Results generated by searching the word ‘Death’ on the NHS website:
We invite students to explore all aspects that impact upon the manner in which dying is planned for and managed within institutions and society. How are the human rights of the individual addressed and how can dignity of those surviving the deceased be protected?
Organisations supporting voluntary euthanasia and physician assisted suicide defend the right to decide when your life will end in order to preserve dignity and the rights of the individual.
Dying with Dignity is an organisation set up in Portland, Oregon to defend and educate upon the law set up in Oregan which made it the first state where physician assisted suicide was legalised. The link contains personal accounts of deaths of family members and friends and as such are emotive and should be considered within the context of the source.
Modern Britain is an extremely diverse society. How is the spectrum of religious and traditional practices prior to and after death assisted or restricted within the complex system of a modern hospital? How is grieving supported traditionally and how could our institutions be informed by this?
What role does a multi-function faith space in a hospital perform? What role could it play?
There has been much coverage of the court appeal concerning the desire of a Hindu man to be cremated on a funeral pyre which had been ruled against on grounds of contravention of the Cremation Act of 1902. Although this concerns posthumous rites it does serve as an example of how religious rites can appear to be at odds with perceived modern practicalities.
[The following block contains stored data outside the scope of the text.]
(* With $\alpha=(1+\sqrt5)/2$, $$\sum_{k=1}^\infty\frac{1}{5^k(2k-1)(2k)(2k+1)}=\frac12\ln\frac45+\frac{3}{\sqrt5}\ln\alpha-\frac12,$$ $$\sum_{k=1}^\infty\frac{4^k}{5^k(2k-1)(2k)(2k+1)}=-\frac12\ln 5+\frac{27}{4\sqrt5}\ln\alpha-\frac12,$$ $$\sum_{k=1}^\infty\frac{5^k}{9^k(2k-1)(2k)(2k+1)}=\ln\frac23+\frac{14}{3\sqrt5}\ln\alpha-\frac12.$$ *)

theory Defs
  imports "HOL-Analysis.Analysis"
begin

end

theory Submission
  imports Defs
begin

text \<open>By partial fractions, 1/((2k-1) 2k (2k+1)) = 1/(2(2k-1)) - 1/(2k) + 1/(2(2k+1)), so for
  0 < |y| < 1 the series \<Sum>k\<ge>1. y^(2k)/((2k-1) 2k (2k+1)) splits into the series
  artanh y = \<Sum>k\<ge>0. y^(2k+1)/(2k+1) and -ln (1 - y^2) = \<Sum>k\<ge>1. y^(2k)/k, with sum
  (y + 1/y)/2 artanh y + ln (1 - y^2)/2 - 1/2.
  The three series are the cases y^2 = 1/5, 4/5, 5/9, where (1+y)/(1-y) is \<alpha>^2, \<alpha>^6, \<alpha>^4,
  so that artanh y is ln \<alpha>, 3 ln \<alpha>, 2 ln \<alpha>.\<close>

lemma artanh_real_sums:
  fixes y :: real
  assumes "\<bar>y\<bar> < 1"
  shows "(\<lambda>n. y ^ (2*n+1) / real (2*n+1)) sums artanh y"
proof -
  have pos: "(1 + y) / (1 - y) > 0" using assms by simp
  have "((1 + y) / (1 - y) - 1) / ((1 + y) / (1 - y) + 1) = y"
    using assms by (simp add: field_simps)
  with ln_series_quadratic[OF pos]
  have "(\<lambda>n. 2 * y ^ (2*n+1) / real (2*n+1)) sums (2 * artanh y)"
    by (simp add: artanh_def)
  from sums_mult[OF this, of "1/2"] show ?thesis by simp
qed

lemma ln_one_minus_real_sums:
  fixes x :: real
  assumes "\<bar>x\<bar> < 1"
  shows "(\<lambda>n. x ^ Suc n / real (Suc n)) sums - ln (1 - x)"
proof -
  have "(\<lambda>n. - (x ^ n) / real n) sums ln (1 - x)"
    using ln_series'[of "- x"] assms by simp
  then have "(\<lambda>n. - (x ^ Suc n) / real (Suc n)) sums ln (1 - x)"
    by (subst sums_Suc_iff) simp
  then show ?thesis using sums_minus by fastforce
qed

lemma odd_triple_product_partial_fractions:
  fixes y :: real and n :: nat
  assumes "y \<noteq> 0"
  defines "k \<equiv> real (Suc n)"
  shows "(y^2) ^ Suc n / ((2*k - 1) * (2*k) * (2*k + 1)) =
    y/2 * (y ^ (2*n+1) / real (2*n+1)) - (y^2) ^ Suc n / real (Suc n) / 2
      + 1/(2*y) * (y ^ (2 * Suc n + 1) / real (2 * Suc n + 1))"
proof -
  have partial_fractions: "y^2 * p / ((2*x - 1) * (2*x) * (2*x + 1)) =
      y/2 * (y * p / (2*x - 1)) - y^2 * p / x / 2 + 1/(2*y) * (y^3 * p / (2*x + 1))"
    if "x \<ge> 1" for x p :: real
  proof -
    have "2*x - 1 \<noteq> 0" "2*x + 1 \<noteq> 0" "x \<noteq> 0" "(2*x - 1) * (2*x) * (2*x + 1) \<noteq> 0"
      using that by auto
    with assms show ?thesis by (simp add: field_simps power2_eq_square power3_eq_cube)
  qed
  have powers: "y ^ (2*n+1) = y * (y^2) ^ n" "y ^ (2 * Suc n + 1) = y^3 * (y^2) ^ n"
      "(y^2) ^ Suc n = y^2 * (y^2) ^ n"
    by (simp_all add: power_mult[symmetric] power_add[symmetric] numeral_3_eq_3)
  have odd_factors: "real (2*n+1) = 2*k - 1" "real (2 * Suc n + 1) = 2*k + 1"
    by (simp_all add: k_def)
  show ?thesis
    unfolding powers odd_factors k_def[symmetric] by (rule partial_fractions) (simp add: k_def)
qed

lemma sums_power_div_odd_triple_product:
  fixes y :: real
  assumes "y \<noteq> 0" "\<bar>y\<bar> < 1"
  shows "(\<lambda>n. (y^2) ^ Suc n / ((2 * real (Suc n) - 1) * (2 * real (Suc n)) * (2 * real (Suc n) + 1)))
    sums ((y + 1/y) / 2 * artanh y + ln (1 - y^2) / 2 - 1/2)"
proof -
  have odd: "(\<lambda>n. y ^ (2*n+1) / real (2*n+1)) sums artanh y"
    using assms(2) by (rule artanh_real_sums)
  then have odd_shifted: "(\<lambda>n. y ^ (2 * Suc n + 1) / real (2 * Suc n + 1)) sums (artanh y - y)"
    by (subst sums_Suc_iff) simp
  have "\<bar>y^2\<bar> < 1"
    using assms(2) by (simp add: abs_square_less_1)
  then have log: "(\<lambda>n. (y^2) ^ Suc n / real (Suc n)) sums - ln (1 - y^2)"
    by (rule ln_one_minus_real_sums)
  have "(\<lambda>n. y/2 * (y ^ (2*n+1) / real (2*n+1)) - (y^2) ^ Suc n / real (Suc n) / 2
      + 1/(2*y) * (y ^ (2 * Suc n + 1) / real (2 * Suc n + 1)))
    sums (y/2 * artanh y - - ln (1 - y^2) / 2 + 1/(2*y) * (artanh y - y))"
    by (intro sums_add sums_diff sums_mult sums_divide odd odd_shifted log)
  also have "y/2 * artanh y - - ln (1 - y^2) / 2 + 1/(2*y) * (artanh y - y) =
      (y + 1/y) / 2 * artanh y + ln (1 - y^2) / 2 - 1/2"
    using assms(1) by (simp add: field_simps)
  finally show ?thesis
    by (simp only: odd_triple_product_partial_fractions[OF assms(1)])
qed

lemma sums_ratio_power_div_odd_triple_product:
  fixes y a b s :: real
  assumes "y \<noteq> 0" "\<bar>y\<bar> < 1" "y^2 = a / b"
    and "(y + 1/y) / 2 * artanh y + ln (1 - a / b) / 2 - 1/2 = s"
  shows "(\<lambda>n. let k = Suc n in a ^ k / (b ^ k * (2 * real k - 1) * (2 * real k) * (2 * real k + 1)))
    sums s"
  using sums_power_div_odd_triple_product[OF assms(1,2), unfolded assms(3,4)]
  by (simp only: Let_def power_divide divide_divide_eq_left mult.assoc)

lemma artanh_real_eq_mult_ln:
  fixes y r :: real
  assumes "r > 0" "(1 + y) / (1 - y) = r ^ (2 * m)"
  shows "artanh y = m * ln r"
  using assms by (simp add: artanh_def ln_realpow)

lemma artanh_golden_ratio:
  defines "\<phi> \<equiv> (1 + sqrt 5) / 2"
  shows "artanh (1 / sqrt 5) = ln \<phi>" "artanh (sqrt 5 / 3) = 2 * ln \<phi>"
    "artanh (2 / sqrt 5) = 3 * ln \<phi>"
proof -
  have sqrt5: "2 < sqrt 5" "sqrt 5 < 9/4" "sqrt 5 ^ 2 = 5"
    by (rule real_less_rsqrt, simp) (rule real_less_lsqrt, simp_all add: power2_eq_square)
  then have "2 * sqrt 5 \<noteq> 5" by linarith
  have "\<phi> > 0" using sqrt5 by (simp add: \<phi>_def)
  have \<phi>2: "\<phi> ^ 2 = (3 + sqrt 5) / 2"
    by (simp add: \<phi>_def power2_eq_square field_simps)
  have ratios: "(1 + 1 / sqrt 5) / (1 - 1 / sqrt 5) = \<phi> ^ (2 * 1)"
      "(1 + sqrt 5 / 3) / (1 - sqrt 5 / 3) = \<phi> ^ (2 * 2)"
      "(1 + 2 / sqrt 5) / (1 - 2 / sqrt 5) = \<phi> ^ (2 * 3)"
    unfolding power_mult \<phi>2 using sqrt5 \<open>2 * sqrt 5 \<noteq> 5\<close>
    by (simp_all add: field_simps power2_eq_square power3_eq_cube)
  show "artanh (1 / sqrt 5) = ln \<phi>" "artanh (sqrt 5 / 3) = 2 * ln \<phi>"
      "artanh (2 / sqrt 5) = 3 * ln \<phi>"
    using ratios[THEN artanh_real_eq_mult_ln[OF \<open>\<phi> > 0\<close>]] by simp_all
qed

theorem corollary5:
  defines "\<alpha> \<equiv> (1 + sqrt 5) / 2"
  shows "((\<lambda>n. let k = Suc n in 1 / (5 ^ k * (2 * real k - 1) * (2 * real k) * (2 * real k + 1)))
           sums (1/2 * ln (4/5) + 3 / sqrt 5 * ln \<alpha> - 1/2)) \<and>
         ((\<lambda>n. let k = Suc n in 4 ^ k / (5 ^ k * (2 * real k - 1) * (2 * real k) * (2 * real k + 1)))
           sums (- 1/2 * ln 5 + 27 / (4 * sqrt 5) * ln \<alpha> - 1/2)) \<and>
         ((\<lambda>n. let k = Suc n in 5 ^ k / (9 ^ k * (2 * real k - 1) * (2 * real k) * (2 * real k + 1)))
           sums (ln (2/3) + 14 / (3 * sqrt 5) * ln \<alpha> - 1/2))"
proof (intro conjI)
  have sqrt5: "2 < sqrt 5" "sqrt 5 < 3"
    by (rule real_less_rsqrt, simp) (rule real_less_lsqrt, simp_all)
  have ln_four_ninths: "ln (4/9 :: real) = 2 * ln (2/3)"
    using ln_realpow[of "2/3 :: real" 2] by (simp add: power_divide)
  note artanh_golden = artanh_golden_ratio[folded \<alpha>_def]
  have "(\<lambda>n. let k = Suc n in 1 ^ k / (5 ^ k * (2 * real k - 1) * (2 * real k) * (2 * real k + 1)))
      sums (1/2 * ln (4/5) + 3 / sqrt 5 * ln \<alpha> - 1/2)"
    by (rule sums_ratio_power_div_odd_triple_product[where y = "1 / sqrt 5"])
      (use sqrt5 in \<open>simp_all add: artanh_golden power_divide field_simps\<close>)
  then show "(\<lambda>n. let k = Suc n in 1 / (5 ^ k * (2 * real k - 1) * (2 * real k) * (2 * real k + 1)))
      sums (1/2 * ln (4/5) + 3 / sqrt 5 * ln \<alpha> - 1/2)"
    by simp
  show "(\<lambda>n. let k = Suc n in 4 ^ k / (5 ^ k * (2 * real k - 1) * (2 * real k) * (2 * real k + 1)))
      sums (- 1/2 * ln 5 + 27 / (4 * sqrt 5) * ln \<alpha> - 1/2)"
    by (rule sums_ratio_power_div_odd_triple_product[where y = "2 / sqrt 5"])
      (use sqrt5 in \<open>simp_all add: artanh_golden power_divide field_simps ln_div\<close>)
  show "(\<lambda>n. let k = Suc n in 5 ^ k / (9 ^ k * (2 * real k - 1) * (2 * real k) * (2 * real k + 1)))
      sums (ln (2/3) + 14 / (3 * sqrt 5) * ln \<alpha> - 1/2)"
    by (rule sums_ratio_power_div_odd_triple_product[where y = "sqrt 5 / 3"])
      (use sqrt5 in \<open>simp_all add: artanh_golden power_divide field_simps ln_four_ninths\<close>)
qed

end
Consider the euphoric dancing that follows the sombre march of a Dixieland funeral procession in New Orleans. Mourning and celebration of life. (Apologies for the apparent glibness of this link, it is a very 1973 British interpretation but it does demonstrate the custom aptly)
Architecture and Death
This brief is primarily concerned with the normality and personal aspect of dying. The application of architecture to the extensive subject of death is varied and complicated. As a result the architectural references within this brief are deliberately limited. The examples below are fundamentality concerned with the rituals after death. They might suggest an appropriate style or language, which may or may not influence a proposal when considering the journey taken by a patient nearing death and the experiences of those surviving them after.
skogskyrkogarden Cemetery, Gunnar Asplund and Sigurd Lewerentz : http://www.skogskyrkogarden.se/
Sir John Soane and the Furniture of Death:
Palliative Care, Supportive Care and Hospice Care
The National Council for Palliative Care defines palliative care thus:
Palliative care is the active holistic care of patients with advanced progressive illness. Management of pain and other symptoms and provision of psychological, social and spiritual support is paramount. The goal of palliative care is achievement of the best quality of life for patients and their families. Many aspects of palliative care are also applicable earlier in the course of the illness in conjunction with other treatments.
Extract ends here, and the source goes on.